Vowing and Showing

Among the many friends I made in Kumbhakonam, one home in the agraharam of the area stood out. Devoted primarily to Vishnu and still active devotional singers in local temples, Mamma and Mammi, a seventy year old couple, eagerly invited me into their homes and lives. I had been referred to them by a distant cousin in Chennai, when I asked if I could meet older women who perform Bommai Golu. Kumbhakonam will be a hotspot for my research of Golu as everyone I spoke to knew of the ritual and even the local temple hosts a large festival during Navarathiri which houses several hundred year old dolls, collected by the temple and its preceding officers.

Mammi is a great cook, a ritual specialist, and in the few days I spent with her, I was able to witness her varalakshmi nonbu –  a vrattam or vow ritual performed by women in the home to the Goddess Lakshmi. A colleague of mine in Atlanta who studies vowing rituals of Muslim women will find my experience fodder for contrasting with her own work. Varalakshmi nonbu is not only about the puja(worship) and the accompanying shlokas (chanting of Sanskrit verses), but it is also about the community of women who gather and sing to the goddess during the evening of the celebration. Visiting each other’s homes, much like they do on the nine days of Golu, to see each other’s decorated goddess image, mothers and their daughters take great pains to ensure that everything is conducted appropriately. The night before the goddess’ image is placed in the rice sack of the home. The morning of the puja, the woman performing the vow wakes up to wear her madi saree (ritually pure saree only work on ritual days) and begins her decoration of the altar space with specially knotted leaves and finishes by adorning Lakshmi with a new paavadai (stitched saree) and jewels. Satisfied with her adornment the woman then proceeds to read the vow shlokas from a ritual manual. In earlier times Brahmin priests visited homes to perform this function but today each woman performs this in her domestic space, by herself, and for immediate family. In the evening the celebrations really begin. Women sing to Lakshmi, exchange gossip, and gape at one another’s adornment of Lakshmi. Each woman tells the other when the celebrations will be in her home so that their timings don’t overlap. The householder offers each guest betel leaves, turmeric and betel nuts along with sandal paste and vermillion, and a piece of blouse cloth or a comb with a mirror, and a small donation. Sundal/ sprouted dal tossed in shredded coconut will also be served in every home.
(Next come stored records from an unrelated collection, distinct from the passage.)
(* Let $D\geq2d+1$ and $0<\delta<\Delta/3$, with the setting and standing assumptions of the context. Let $\mathcal{A}_{2,\delta}$ be the set of $c$ such that $\|c\|<a_{0}$ and $F_{c}(x_{1})\neq F_{c}(\phi_{c}(x_{1}))$ for every $x_{1}\in K$ satisfying $\|x_{1}-\xi_{j}(c)\|\geq3\delta$ for all $j\in\{1,\ldots,m\}$. Then every point of the open ball $\{c:\|c\|<a_{0}\}$ is a Lebesgue point of $\mathcal{A}_{2,\delta}$, and therefore the probability of $\mathcal{A}_{2,\delta}$ relative to this ball is $1$.
   Context: Notation: $\pi_{i}$ is the $i$-th coordinate projection on $\mathbb{R}^{d}$, $\mathbf{e}_{1}=(1,0,\ldots,0)$; for $\alpha\in\mathbb{Z}_{\geq0}^{d}$, $p_{\alpha}(x)=\prod_i(\pi_{i}x)^{\alpha_{i}}$; $\mathcal{I}_{2D-1}$ is the set of $\alpha$ with $|\alpha|\leq2D-1$, of cardinality $D_{\alpha}$; $c=(c_{\alpha})\in\mathbb{R}^{D_{\alpha}}$ with Euclidean norm. $\phi:\mathbb{R}^{d}\to\mathbb{R}^{d}$ is a diffeomorphism, $\phi_{c}(x)=\phi(x)+\mathbf{e}_{1}\sum_{\alpha}c_{\alpha}p_{\alpha}(x)$, and $F_{c}(x)=(\pi_{1}x,\pi_{1}\phi_{c}(x),\ldots,\pi_{1}\phi_{c}^{D-1}(x))$. Standing assumptions: $K$ is a compact ball centered at the origin, $K^{+}\supset K$ a larger compact ball with $\phi^{j}(x)\in K^{+}$ for $x\in K$, $0\leq j\leq D-1$; $a_{0}>0$ is such that $\phi_{c}^{j}(x)\in K^{+}$ for $x\in K$, $0\leq j\leq D-1$, $\|c\|\leq a_{0}$; and for all $\|c\|\leq a_{0}$: $\phi_{c}$ is a $C^{3}$ diffeomorphism; $\phi_{c}$ has exactly $m$ fixed points $\xi_{1}(c),\ldots,\xi_{m}(c)$ (labelled consistently in $c$); no other periodic points of period $<2D$; all fixed points hyperbolic with $\pi_{1}\xi_{i}(c)\neq\pi_{1}\xi_{j}(c)$ for $i\neq j$; $F_{c}$ immersive at each fixed point. $\Delta$ is the minimum distance between distinct fixed points of $\phi_{c}$ lying in $K$, over $\|c\|\leq a_{0}$. A point $\mathfrak{a}$ is a Lebesgue point of a measurable set $A$ if $\mu(A\cap B_{\epsilon}(\mathfrak{a}))/\mu(B_{\epsilon}(\mathfrak{a}))\to1$ as $\epsilon\to0$ ($B_\epsilon$ open ball, $\mu$ Lebesgue measure); probability of $A$ relative to $B$ is $\mu(A\cap B)/\mu(B)$. *)

theory Defs
  imports "HOL-Analysis.Analysis"
begin

text \<open>R^d is modelled as (real,'n) vec with a well-ordered finite index type; the first
coordinate is the least index.\<close>

definition first_idx :: "'n::{finite,wellorder}" where
  "first_idx = (LEAST i. True)"

definition proj1 :: "(real,'n::{finite,wellorder}) vec \<Rightarrow> real" where
  "proj1 x = x $ first_idx"

definition e1 :: "(real,'n::{finite,wellorder}) vec" where
  "e1 = axis first_idx 1"

definition multi_idx :: "nat \<Rightarrow> (('n::finite) \<Rightarrow> nat) set" where
  "multi_idx k = {\<alpha>. (\<Sum>i\<in>UNIV. \<alpha> i) \<le> k}"

definition monom :: "('n::finite \<Rightarrow> nat) \<Rightarrow> (real,'n) vec \<Rightarrow> real" where
  "monom \<alpha> x = (\<Prod>i\<in>UNIV. (x $ i) ^ (\<alpha> i))"

text \<open>Parameter vectors c in R^{D_alpha} are functions on I_{2D-1}, extensional
(undefined outside); the Euclidean norm:\<close>

definition cnorm :: "'a set \<Rightarrow> ('a \<Rightarrow> real) \<Rightarrow> real" where
  "cnorm I c = sqrt (\<Sum>\<alpha>\<in>I. (c \<alpha>)\<^sup>2)"

definition param_space :: "nat \<Rightarrow> ((('n::finite) \<Rightarrow> nat) \<Rightarrow> real) set" where
  "param_space D = PiE (multi_idx (2*D-1)) (\<lambda>_. UNIV)"

definition leb_param :: "nat \<Rightarrow> ((('n::finite) \<Rightarrow> nat) \<Rightarrow> real) measure" where
  "leb_param D = completion (PiM (multi_idx (2*D-1)) (\<lambda>_. lborel))"

definition cball_open :: "nat \<Rightarrow> ((('n::finite) \<Rightarrow> nat) \<Rightarrow> real) \<Rightarrow> real
     \<Rightarrow> ((('n::finite) \<Rightarrow> nat) \<Rightarrow> real) set" where
  "cball_open D a \<epsilon> = {c \<in> param_space D. cnorm (multi_idx (2*D-1)) (\<lambda>\<alpha>. c \<alpha> - a \<alpha>) < \<epsilon>}"

definition lebesgue_point :: "nat \<Rightarrow> ((('n::finite) \<Rightarrow> nat) \<Rightarrow> real) set
     \<Rightarrow> ((('n::finite) \<Rightarrow> nat) \<Rightarrow> real) \<Rightarrow> bool" where
  "lebesgue_point D A a \<longleftrightarrow>
     ((\<lambda>\<epsilon>. measure (leb_param D) (A \<inter> cball_open D a \<epsilon>) / measure (leb_param D) (cball_open D a \<epsilon>))
        \<longlongrightarrow> 1) (at_right 0)"

definition rel_prob :: "nat \<Rightarrow> ((('n::finite) \<Rightarrow> nat) \<Rightarrow> real) set
     \<Rightarrow> ((('n::finite) \<Rightarrow> nat) \<Rightarrow> real) set \<Rightarrow> real" where
  "rel_prob D A B = measure (leb_param D) (A \<inter> B) / measure (leb_param D) B"

definition phi_c :: "nat \<Rightarrow> ((real,'n::{finite,wellorder}) vec \<Rightarrow> (real,'n) vec) \<Rightarrow> (('n \<Rightarrow> nat) \<Rightarrow> real)
     \<Rightarrow> (real,'n) vec \<Rightarrow> (real,'n) vec" where
  "phi_c D \<phi> c x = \<phi> x + (\<Sum>\<alpha>\<in>multi_idx (2*D-1). c \<alpha> * monom \<alpha> x) *\<^sub>R e1"

definition delay_map :: "nat \<Rightarrow> ((real,'n::{finite,wellorder}) vec \<Rightarrow> (real,'n) vec) \<Rightarrow> (('n \<Rightarrow> nat) \<Rightarrow> real)
     \<Rightarrow> (real,'n) vec \<Rightarrow> real list" where
  "delay_map D \<phi> c x = map (\<lambda>j. proj1 ((phi_c D \<phi> c ^^ j) x)) [0..<D]"

fun Ck :: "nat \<Rightarrow> ('a::euclidean_space \<Rightarrow> 'b::real_normed_vector) \<Rightarrow> bool" where
  "Ck 0 f = continuous_on UNIV f"
| "Ck (Suc k) f = ((\<forall>x. f differentiable (at x)) \<and>
      (\<forall>b\<in>Basis. Ck k (\<lambda>x. frechet_derivative f (at x) b)))"

definition diffeo_Ck :: "nat \<Rightarrow> ('a::euclidean_space \<Rightarrow> 'a) \<Rightarrow> bool" where
  "diffeo_Ck k f \<longleftrightarrow> bij f \<and> Ck k f \<and> Ck k (inv f)"

definition hyperbolic_fp :: "((real,'n::finite) vec \<Rightarrow> (real,'n) vec) \<Rightarrow> (real,'n) vec \<Rightarrow> bool" where
  "hyperbolic_fp f p \<longleftrightarrow> f p = p \<and> f differentiable (at p) \<and>
     (\<forall>z::complex. cmod z = 1 \<longrightarrow>
        det (\<chi> i j. complex_of_real (matrix (frechet_derivative f (at p)) $ i $ j)
                    - (if i = j then z else 0)) \<noteq> 0)"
That evening after they sang their songs, the women’s conversation slowly drifted to Mammi’s adornment of Lakshmi.  One aunty praised her usage of tiny threads and a supporting stick to hold up the paavadai that made it look like Lakshmi’s skirt billowed out around her. Another commented on someone’s innovative use of placing the wick precisely into the puja lamp so that it stayed lit longer. Several young girls had also accompanied their mother for the celebrations that evening. They took in this information too, however unconsciously, adding to their understanding of an efficacious puja. Mammi had learned in the same way too, attending varalakshmi nonbu’s in neighboring homes as a young girl. Spending varalakshmi nonbu with Mammi and her friends I realized that these occasions of vowing were not solitary acts. Usually vowing rituals are understood as an individual act – where the petitioner makes a pledge or takes a vow on behalf of her children, husband or brother and then proceeds to perform worship, recite prayers, fast, etc. and usually completes the vow with a marker/ signifier of having accomplished the vow. While the solitary functions of the vowing ritual of varalakshmi nonbu still hold true, the congeniality shared among the group of women in the exchanges that occur after the puja say something more. Vowing also serves a social function wherein women discuss and display their performance of puja, sharing cultural information on the efficacy of the ritual.